No Caminhão Baú
Lá vai pela estrada de terra sem fim, pairando no ar a poeira seca e toxicante; sufocante, e, por trechos enlameados; carreados, e escorregadios; arredios, ora retas de não se ver o fim, ora por curvas tortas; mortas, e, muitas, sem a visão do final deste túnel.
O caminhão é um Baú, com as portas traseiras trancadas por cadeados surrados; esmurrados, e, enferrujados; engasgados, até que por fim as portas se abrem, e o condutor anônimo nem se dá conta, e objetos caem aos poucos na estrada deixando um rastro do caminho; sem ninho.
Estrada com poucos trechos reparados; costados , e, com pedras nos buracos, e os pneus corroídos, gastos, decepcionados, rodam com dor, e algumas pedras saltam em malabarismos; casuísmos, e, sem rumo e naquele vazio de floresta baixas atingem insetos inocentes; picantes.
Dentro do Baú segue uma mudança de poucos móveis velhos; evangelhos, e, um destino sem destino, em desesperanças; crianças ,e , almas perambulando nos balanços da carroceria; porcaria, e, na sonolência; indecência, e, mórbida; sórdida; e, os sonhos exalam odores de suor e mofo cafofo, e, o caminhão segue sofrido; ardido, e, sem rumo. Um calor escaldante; estonteante; torturante, e, de uma morbidez acintosa a dignidade humana de ser.
Lá vai uns migrantes a procura de uma nova cidade sem lei.
Que cidade?
A primeira que vier, que se pode ver, que tem casas, barracos e ruas e vielas: velas, ao ar, ao vento, como um navegante em alto mar sem bússola.

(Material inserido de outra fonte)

lemma card_eq_mult_card_level_set2:
  assumes "y \<in> B" "y \<noteq> 0" "y' \<in> B" "\<forall>c. y' \<noteq> fscale c y"
  shows "card A = card (UNIV :: 'a set) ^ 2 * card {T\<in>A. pair y T = v \<and> pair y' T = v'}"
proof -
  have "card A = card (UNIV :: ('a \<times> 'a) set) * card {T\<in>A. (pair y T, pair y' T) = (v, v')}"
  proof (rule card_subspace_eq_mult_card_fiber[OF finite_A subspace_A])
    show "(pair y (T + T'), pair y' (T + T')) = (pair y T, pair y' T) + (pair y T', pair y' T')"
      if "T \<in> A" "T' \<in> A" for T T'
      using that assms by (simp add: add_right)
    show "\<exists>T\<in>A. (pair y T, pair y' T) = u" for u
      using exists_pair_eq2[OF assms, of "fst u" "snd u"] by (metis prod.collapse)
  qed
  moreover have "card (UNIV :: ('a \<times> 'a) set) = card (UNIV :: 'a set) ^ 2"
    by (simp flip: UNIV_Times_UNIV add: card_cartesian_product power2_eq_square)
  ultimately show ?thesis by simp
qed

lemma sum_card_hits:
  assumes E: "E \<subseteq> B" "finite E" "0 \<notin> E"
  shows "card (UNIV :: 'a set) * (\<Sum>T\<in>A. card {y\<in>E. pair y T = t}) = card E * card A"
proof -
  have "card (UNIV :: 'a set) * (\<Sum>T\<in>A. card {y\<in>E. pair y T = t})
      = (\<Sum>y\<in>E. card (UNIV :: 'a set) * card {T\<in>A. pair y T = t})"
    by (simp add: sum_card_filter_swap[OF finite_A E(2)] sum_distrib_left)
  also have "\<dots> = (\<Sum>y\<in>E. card A)"
    using E by (intro sum.cong refl card_eq_mult_card_level_set[symmetric]) auto
  finally show ?thesis by simp
qed

lemma card_common_level_set:
  assumes y: "y \<in> B" "y \<noteq> 0" and y': "y' \<in> B" and t: "t \<noteq> 0"
  shows "card (UNIV :: 'a set) ^ 2 * card {T\<in>A. pair y T = t \<and> pair y' T = t}
    = (if y' = y then card (UNIV :: 'a set) * card A
       else if \<forall>c. y' \<noteq> fscale c y then card A else 0)"
proof (cases "\<forall>c. y' \<noteq> fscale c y")
  case True
  moreover have "y' \<noteq> y" using True[rule_format, of 1] by auto
  ultimately show ?thesis using card_eq_mult_card_level_set2[OF y y'] by simp
next
  case False
  then obtain c where c: "y' = fscale c y" by blast
  show ?thesis
  proof (cases "c = 1")
    case True
    then show ?thesis using c card_eq_mult_card_level_set[OF y, of t] by (simp add: power2_eq_square)
  next
    case False
    then have "pair y' T \<noteq> t" if "T \<in> A" "pair y T = t" for T
      using that c y(1) t by (simp add: fscale_left)
    then have empty: "{T\<in>A. pair y T = t \<and> pair y' T = t} = {}" by blast
    have "y' \<noteq> y" using c False y(2) fscale_eq_self_iff[of c y] by auto
    then show ?thesis unfolding empty using c by auto
  qed
qed

lemma sum_card_hits_squared:
  assumes E: "E \<subseteq> B" "finite E" "0 \<notin> E" and t: "t \<noteq> 0"
  shows "card (UNIV :: 'a set) ^ 2 * (\<Sum>T\<in>A. card {y\<in>E. pair y T = t} ^ 2)
    = card A * (card (UNIV :: 'a set) * card E + card (noncollinear_pairs E))"
proof -
  let ?q = "card (UNIV :: 'a set)" and ?N = "card A"
  let ?hit = "\<lambda>T p. pair (fst p) T = t \<and> pair (snd p) T = t"
  have square: "card {y\<in>E. pair y T = t} ^ 2 = card {p\<in>E \<times> E. ?hit T p}" for T
  proof -
    have "{p\<in>E \<times> E. ?hit T p} = {y\<in>E. pair y T = t} \<times> {y\<in>E. pair y T = t}" by auto
    then show ?thesis by (simp add: card_cartesian_product power2_eq_square)
  qed
  have "?q ^ 2 * (\<Sum>T\<in>A. card {y\<in>E. pair y T = t} ^ 2)
      = (\<Sum>p\<in>E \<times> E. ?q ^ 2 * card {T\<in>A. ?hit T p})"
    unfolding square using E(2) by (simp add: sum_card_filter_swap[OF finite_A] sum_distrib_left)
  also have "\<dots> = (\<Sum>p\<in>E \<times> E. (if fst p = snd p then ?q * ?N else 0)
      + (if p \<in> noncollinear_pairs E then ?N else 0))"
  proof (rule sum.cong[OF refl])
    fix p assume "p \<in> E \<times> E"
    then obtain y y' where p: "p = (y, y')" and y: "y \<in> E" and y': "y' \<in> E" by blast
    then have "y \<in> B" "y \<noteq> 0" "y' \<in> B" using E by auto
    from card_common_level_set[OF this t]
    show "?q ^ 2 * card {T\<in>A. ?hit T p}
        = (if fst p = snd p then ?q * ?N else 0) + (if p \<in> noncollinear_pairs E then ?N else 0)"
      using y y' by (auto simp: p noncollinear_pairs_def dest: spec[of _ 1])
  qed
  also have "\<dots> = ?q * ?N * card {p\<in>E \<times> E. fst p = snd p} + ?N * card (noncollinear_pairs E)"
  proof -
    have "noncollinear_pairs E = {p\<in>E \<times> E. p \<in> noncollinear_pairs E}"
      by (auto simp: noncollinear_pairs_def)
    then show ?thesis using E(2) by (simp add: sum.distrib sum.inter_filter[symmetric])
  qed
  also have "card {p\<in>E \<times> E. fst p = snd p} = card E"
  proof -
    have "{p\<in>E \<times> E. fst p = snd p} = (\<lambda>y. (y, y)) ` E" by auto
    then show ?thesis by (simp add: card_image inj_on_def)
  qed
  finally show ?thesis by (simp add: algebra_simps)
qed

lemma second_moment_bound:
  assumes E: "E \<subseteq> B" "finite E" "0 \<notin> E" and t: "t \<noteq> 0" and S: "S \<subseteq> A"
    and avoid: "\<And>T y. T \<in> S \<Longrightarrow> y \<in> E \<Longrightarrow> pair y T \<noteq> t"
  shows "real (card A) * real (card E) ^ 2 \<le> (real (card A) - real (card S))
    * (real (card (UNIV :: 'a set)) * real (card E) + real (card (noncollinear_pairs E)))"
proof -
  define q where "q = real (card (UNIV :: 'a set))"
  define N where "N = real (card A)"
  define C where "C = real (card (noncollinear_pairs E))"
  define h where "h T = real (card {y\<in>E. pair y T = t})" for T
  have "h T = 0" if "T \<in> S" for T
  proof -
    have empty: "{y\<in>E. pair y T = t} = {}" using avoid[OF that] by blast
    show ?thesis unfolding h_def empty by simp
  qed
  then have CS: "(\<Sum>T\<in>A. h T) ^ 2 \<le> (N - real (card S)) * (\<Sum>T\<in>A. h T ^ 2)"
    unfolding N_def using finite_A S by (rule sum_squared_le_sum_of_squares_vanishing[rotated 2])
  have m1: "q * (\<Sum>T\<in>A. h T) = real (card E) * N"
    using arg_cong[OF sum_card_hits[OF E, of t], of real] by (simp add: q_def N_def h_def)
  have m2: "q ^ 2 * (\<Sum>T\<in>A. h T ^ 2) = N * (q * real (card E) + C)"
    using arg_cong[OF sum_card_hits_squared[OF E t], of real] by (simp add: q_def N_def C_def h_def)
  have "N * (N * real (card E) ^ 2) = (q * (\<Sum>T\<in>A. h T)) ^ 2"
    by (simp add: m1 power2_eq_square)
  also have "\<dots> \<le> q ^ 2 * ((N - real (card S)) * (\<Sum>T\<in>A. h T ^ 2))"
    using CS by (simp add: power_mult_distrib mult_left_mono)
  also have "\<dots> = N * ((N - real (card S)) * (q * real (card E) + C))"
    unfolding mult.left_commute[of "q ^ 2"] m2 by (simp only: ac_simps)
  finally have "N * (N * real (card E) ^ 2) \<le> N * ((N - real (card S)) * (q * real (card E) + C))" .
  moreover have "N > 0"
    using finite_A fun_space.subspace_0[OF subspace_A] by (auto simp: N_def card_gt_0_iff)
  ultimately show ?thesis by (simp add: q_def N_def C_def)
qed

O caminhão Baú segue nas expectativas esperançosas das desesperanças de milhares de brasileiros invisíveis; fusíveis, e, com o céu de cor de anil neste Brasil, quase, varonil.
FIM
Antonio Domingos
18 de agosto de 2019
Comentários
O relato é a cara de muitos brasileiros que se aventuram para as cidades mais desenvolvidas em busca dos sonhos. Que texto maravilhoso!
Meus aplausos!
Destacado!
Obrigado amiga pela leitura e proveitoso comentário.Grato pelo destaque. Feliz.
abraços poéticos de Antonio
Obrigado prezada Margarida pela leitura e comentário.